Todd: Have to have us look at it from a different perspective, I think in terms of, again, looking at the efficacy side of it more than the harms because we’ve already got them in there for harms, at least gabapentin and then the other anti-epileptic in the drug-drug interaction section. So we would have to take a look at the evidence and decide how the efficacy weighs with harms in terms whether they would go in Beers, as Beers is currently structured, or if they would go into use with caution kind of schedule.

Mike: I believe that’s something we didn’t really explicitly consider for this update. But that’s exactly the kind of suggestion that we welcome so that we can put it on the list to think about for subsequent updates.

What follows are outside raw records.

text \<open>A schema: a functor S^op -> Sets, given by object sets X s and actions
  XA s t h : X t -> X s for a morphism h : s -> t.\<close>

definition is_schema :: "('dt list \<Rightarrow> 'x set) \<Rightarrow> ('dt list \<Rightarrow> 'dt list \<Rightarrow> (nat \<Rightarrow> nat) \<Rightarrow> 'x \<Rightarrow> 'x) \<Rightarrow> bool" where
  "is_schema X XA \<longleftrightarrow>
     (\<forall>s t h. simple_mor s t h \<longrightarrow> XA s t h \<in> X t \<rightarrow> X s) \<and>
     (\<forall>s t h h'. simple_mor s t h \<and> (\<forall>i < length s. h i = h' i) \<longrightarrow>
        (\<forall>x \<in> X t. XA s t h x = XA s t h' x)) \<and>
     (\<forall>s. \<forall>x \<in> X s. XA s s id x = x) \<and>
     (\<forall>s t u h g. simple_mor s t h \<and> simple_mor t u g \<longrightarrow>
        (\<forall>x \<in> X u. XA s u (g \<circ> h) x = XA s t h (XA t u g x)))"

definition is_schema_mor ::
  "('dt list \<Rightarrow> 'x set) \<Rightarrow> ('dt list \<Rightarrow> 'dt list \<Rightarrow> (nat \<Rightarrow> nat) \<Rightarrow> 'x \<Rightarrow> 'x) \<Rightarrow>
   ('dt list \<Rightarrow> 'y set) \<Rightarrow> ('dt list \<Rightarrow> 'dt list \<Rightarrow> (nat \<Rightarrow> nat) \<Rightarrow> 'y \<Rightarrow> 'y) \<Rightarrow>
   ('dt list \<Rightarrow> 'x \<Rightarrow> 'y) \<Rightarrow> bool" where
  "is_schema_mor X XA Y YA f \<longleftrightarrow>
     (\<forall>s. f s \<in> X s \<rightarrow> Y s) \<and>
     (\<forall>s t h. simple_mor s t h \<longrightarrow> (\<forall>x \<in> X t. f s (XA s t h x) = YA s t h (f t x)))"

definition is_subschema ::
  "('dt list \<Rightarrow> 'x set) \<Rightarrow> ('dt list \<Rightarrow> 'dt list \<Rightarrow> (nat \<Rightarrow> nat) \<Rightarrow> 'x \<Rightarrow> 'x) \<Rightarrow> ('dt list \<Rightarrow> 'x set) \<Rightarrow> bool" where
  "is_subschema X XA S \<longleftrightarrow>
     (\<forall>s. S s \<subseteq> X s) \<and>
     (\<forall>s t h x. simple_mor s t h \<and> x \<in> S t \<longrightarrow> XA s t h x \<in> S s)"

definition sub_colim ::
  "('dt list \<Rightarrow> 'x set) \<Rightarrow> ('dt list \<Rightarrow> 'dt list \<Rightarrow> (nat \<Rightarrow> nat) \<Rightarrow> 'x \<Rightarrow> 'x) \<Rightarrow>
   'i set \<Rightarrow> ('i \<Rightarrow> 'dt list \<Rightarrow> 'x set) \<Rightarrow> 'dt list \<Rightarrow> 'x set" where
  "sub_colim X XA I D = (\<lambda>s. \<Inter> {S s | S. is_subschema X XA S \<and> (\<forall>i \<in> I. D i \<le> S)})"

definition is_presheaf ::
  "('dt list \<Rightarrow> 'x set) \<Rightarrow> ('dt list \<Rightarrow> 'dt list \<Rightarrow> (nat \<Rightarrow> nat) \<Rightarrow> 'x \<Rightarrow> 'x) \<Rightarrow>
   (('dt list \<Rightarrow> 'x set) \<Rightarrow> 'a set) \<Rightarrow>
   (('dt list \<Rightarrow> 'x set) \<Rightarrow> ('dt list \<Rightarrow> 'x set) \<Rightarrow> 'a \<Rightarrow> 'a) \<Rightarrow> bool" where
  "is_presheaf X XA K r \<longleftrightarrow>
     (\<forall>U V. is_subschema X XA U \<and> is_subschema X XA V \<and> U \<le> V \<longrightarrow> r V U \<in> K V \<rightarrow> K U) \<and>
     (\<forall>U. is_subschema X XA U \<longrightarrow> (\<forall>a \<in> K U. r U U a = a)) \<and>
     (\<forall>U V W. is_subschema X XA U \<and> is_subschema X XA V \<and> is_subschema X XA W \<and> U \<le> V \<and> V \<le> W \<longrightarrow>
        (\<forall>a \<in> K W. r V U (r W V a) = r W U a))"

text \<open>Sheaf condition for all diagrams D : I -> Sub(X) whose index category has object set
  I (a set of the index type 'i); the arrows of I are recorded by the relation R (only the
  existence of an arrow i -> j matters for the limit in Sets).\<close>
definition is_sheaf ::
  "'i itself \<Rightarrow> ('dt list \<Rightarrow> 'x set) \<Rightarrow> ('dt list \<Rightarrow> 'dt list \<Rightarrow> (nat \<Rightarrow> nat) \<Rightarrow> 'x \<Rightarrow> 'x) \<Rightarrow>
   (('dt list \<Rightarrow> 'x set) \<Rightarrow> 'a set) \<Rightarrow>
   (('dt list \<Rightarrow> 'x set) \<Rightarrow> ('dt list \<Rightarrow> 'x set) \<Rightarrow> 'a \<Rightarrow> 'a) \<Rightarrow> bool" where
  "is_sheaf ityp X XA K r \<longleftrightarrow> is_presheaf X XA K r \<and>
     (\<forall>(I :: 'i set) (R :: 'i \<Rightarrow> 'i \<Rightarrow> bool) D.
        (\<forall>i \<in> I. is_subschema X XA (D i)) \<and>
        (\<forall>i j. R i j \<longrightarrow> i \<in> I \<and> j \<in> I \<and> D i \<le> D j) \<longrightarrow>
        bij_betw (\<lambda>a. \<lambda>i \<in> I. r (sub_colim X XA I D) (D i) a)
          (K (sub_colim X XA I D))
          {k \<in> extensional I. (\<forall>i \<in> I. k i \<in> K (D i)) \<and>
                               (\<forall>i j. R i j \<longrightarrow> r (D j) (D i) (k j) = k i)})"

definition shv_hom ::
  "('dt list \<Rightarrow> 'x set) \<Rightarrow> ('dt list \<Rightarrow> 'dt list \<Rightarrow> (nat \<Rightarrow> nat) \<Rightarrow> 'x \<Rightarrow> 'x) \<Rightarrow>
   (('dt list \<Rightarrow> 'x set) \<Rightarrow> 'a set) \<Rightarrow> (('dt list \<Rightarrow> 'x set) \<Rightarrow> ('dt list \<Rightarrow> 'x set) \<Rightarrow> 'a \<Rightarrow> 'a) \<Rightarrow>
   (('dt list \<Rightarrow> 'x set) \<Rightarrow> 'b set) \<Rightarrow> (('dt list \<Rightarrow> 'x set) \<Rightarrow> ('dt list \<Rightarrow> 'x set) \<Rightarrow> 'b \<Rightarrow> 'b) \<Rightarrow>
   (('dt list \<Rightarrow> 'x set) \<Rightarrow> 'a \<Rightarrow> 'b) \<Rightarrow> bool" where
  "shv_hom X XA K r K' r' \<alpha> \<longleftrightarrow>
     (\<forall>U. is_subschema X XA U \<longrightarrow> \<alpha> U \<in> K U \<rightarrow> K' U) \<and>
     (\<forall>U V. is_subschema X XA U \<and> is_subschema X XA V \<and> U \<le> V \<longrightarrow>
        (\<forall>a \<in> K V. \<alpha> U (r V U a) = r' V U (\<alpha> V a)))"

definition sub_img :: "('dt list \<Rightarrow> 'x \<Rightarrow> 'y) \<Rightarrow> ('dt list \<Rightarrow> 'x set) \<Rightarrow> 'dt list \<Rightarrow> 'y set" where
  "sub_img f U = (\<lambda>s. f s ` U s)"

definition sub_pre :: "('dt list \<Rightarrow> 'x set) \<Rightarrow> ('dt list \<Rightarrow> 'x \<Rightarrow> 'y) \<Rightarrow> ('dt list \<Rightarrow> 'y set) \<Rightarrow> 'dt list \<Rightarrow> 'x set" where
  "sub_pre X f V = (\<lambda>s. {x \<in> X s. f s x \<in> V s})"

definition pb_obj :: "('dt list \<Rightarrow> 'x \<Rightarrow> 'y) \<Rightarrow> (('dt list \<Rightarrow> 'y set) \<Rightarrow> 'a set) \<Rightarrow> ('dt list \<Rightarrow> 'x set) \<Rightarrow> 'a set" where
  "pb_obj f K = (\<lambda>U. K (sub_img f U))"

definition pb_res :: "('dt list \<Rightarrow> 'x \<Rightarrow> 'y) \<Rightarrow> (('dt list \<Rightarrow> 'y set) \<Rightarrow> ('dt list \<Rightarrow> 'y set) \<Rightarrow> 'a \<Rightarrow> 'a) \<Rightarrow>
   ('dt list \<Rightarrow> 'x set) \<Rightarrow> ('dt list \<Rightarrow> 'x set) \<Rightarrow> 'a \<Rightarrow> 'a" where
  "pb_res f r = (\<lambda>U' U. r (sub_img f U') (sub_img f U))"

definition pf_obj :: "('dt list \<Rightarrow> 'x set) \<Rightarrow> ('dt list \<Rightarrow> 'x \<Rightarrow> 'y) \<Rightarrow> (('dt list \<Rightarrow> 'x set) \<Rightarrow> 'a set) \<Rightarrow> ('dt list \<Rightarrow> 'y set) \<Rightarrow> 'a set" where
  "pf_obj X f K = (\<lambda>V. K (sub_pre X f V))"

definition pf_res :: "('dt list \<Rightarrow> 'x set) \<Rightarrow> ('dt list \<Rightarrow> 'x \<Rightarrow> 'y) \<Rightarrow> (('dt list \<Rightarrow> 'x set) \<Rightarrow> ('dt list \<Rightarrow> 'x set) \<Rightarrow> 'a \<Rightarrow> 'a) \<Rightarrow>
   ('dt list \<Rightarrow> 'y set) \<Rightarrow> ('dt list \<Rightarrow> 'y set) \<Rightarrow> 'a \<Rightarrow> 'a" where
  "pf_res X f r = (\<lambda>V' V. r (sub_pre X f V') (sub_pre X f V))"

end

theory Submission
  imports Defs
begin

text \<open>Colimits in \<open>Sub(X)\<close> are pointwise unions, and both image and preimage along \<open>f\<close> are
  monotone maps of subschema posets that preserve unions. Hence \<open>f\<^sup>*\<close> and \<open>f\<^sub>*\<close> are both
  instances of reindexing a sheaf along such a map, which preserves the sheaf condition and
  morphisms. Image is left adjoint to preimage: \<open>f(f\<^sup>-\<^sup>1(V)) \<subseteq> V\<close> and \<open>U \<subseteq> f\<^sup>-\<^sup>1(f(U))\<close>. So
  restriction along these inclusions gives the unit and the counit. The triangle identities
  reduce to \<open>f \<circ> f\<^sup>-\<^sup>1 \<circ> f = f\<close> and \<open>f\<^sup>-\<^sup>1 \<circ> f \<circ> f\<^sup>-\<^sup>1 = f\<^sup>-\<^sup>1\<close>.\<close>

lemma sub_colim_eq_Union:
  assumes D: "\<forall>i\<in>I. is_subschema X XA (D i)"
  shows "sub_colim X XA I D = (\<lambda>s. \<Union>i\<in>I. D i s)"
proof -
  define W where "W = (\<lambda>s. \<Union>i\<in>I. D i s)"
  have "is_subschema X XA W"
    unfolding is_subschema_def
  proof (intro conjI allI impI)
    fix s show "W s \<subseteq> X s" using D unfolding is_subschema_def W_def by blast
  next
    fix s t h x assume h: "simple_mor s t h \<and> x \<in> W t"
    then obtain i where "i \<in> I" "x \<in> D i t" unfolding W_def by blast
    with D h have "XA s t h x \<in> D i s" unfolding is_subschema_def by blast
    with \<open>i \<in> I\<close> show "XA s t h x \<in> W s" unfolding W_def by blast
  qed
  moreover have "\<forall>i\<in>I. D i \<le> W"
    unfolding W_def le_fun_def by blast
  moreover have "W \<le> S" if "\<forall>i\<in>I. D i \<le> S" for S
    using that unfolding W_def le_fun_def by blast
  ultimately have "sub_colim X XA I D s = W s" for s
    unfolding sub_colim_def le_fun_def by (intro equalityI) blast+
  then show ?thesis unfolding W_def by blast
qed

lemma is_subschema_sub_img:
  assumes f: "is_schema_mor X XA Y YA f" and U: "is_subschema X XA U"
  shows "is_subschema Y YA (sub_img f U)"
  unfolding is_subschema_def sub_img_def
proof (intro conjI allI impI)
  fix s show "f s ` U s \<subseteq> Y s"
    using f U unfolding is_schema_mor_def is_subschema_def by blast
next
  fix s t h y assume h: "simple_mor s t h \<and> y \<in> f t ` U t"
  then obtain x where x: "x \<in> U t" "y = f t x" by blast
  with U have "x \<in> X t" unfolding is_subschema_def by blast
  with f h have "YA s t h y = f s (XA s t h x)"
    using x unfolding is_schema_mor_def by simp
  moreover have "XA s t h x \<in> U s"
    using U h x unfolding is_subschema_def by blast
  ultimately show "YA s t h y \<in> f s ` U s" by simp
qed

And again, it does reinforce the point that one of the things that isn’t there about basically don’t use antipsychotics for the management of behavioral symptoms of dementia unless other stuff has failed, or non-pharmacologic intervention stuff failed and the patient’s threat to self for others. So that comports with a lot of other guidelines. What it doesn’t mean is, okay, stop using antipsychotics and go ahead and go crazy with gabapentin … [laughter]

Eric: EPA for everybody.

Alex: We don’t want that to be misunderstood. But wait, before we get to the song, here’s another. My final question is about, this again, about shifting and rapidly changing landscape. What about new drugs that come on the market? Aducanumab, lecanemab, how do you consider those? Do they appear at the nth hour, right as you’re about to publish, and what do you do in those cases? Thoughts about that?

Todd: Well, we had, early on, or maybe in the middle of our process here, we had a discussion about Aducanumab and what to do with it. But I think that problem sort of resolved itself in terms of it’s kind of going away, but with the second coming and the third-

Eric: Everybody thinks Aducanumab is going away and it keeps on rising from the grave. We’ll see about that.

Todd: Well, anyway. That’s food for thought for three or four years from now.

Eric: All right. My last question is, where can I find the Beers criteria?

Todd: Well, it’ll be published in JAGS, and it’ll be available on the AGS website. And there’ll be materials both for clinicians as well as for patients for the public through the Health on Aging site as well, with a couple of different documents on that. And then there’ll be a pocket card that people can download.

Eric: Great. And we’ll have links to those on our show notes.

Mike: And an app too.

Eric: And an app. There’s an app for that.

Alex: Great.

Eric: Well, Alex, you want to give us more of the… What’s the title again?

Alex: Don’t Let Me Be Misunderstood, by The Animals. Here we go.

(singing)

Eric: Todd and Mike, thanks for joining us for the GeriPal podcast.

Todd: Thanks for having us. Thank you.

Mike: Thank you.

Eric: And to all of our listeners, thank you for your continued support.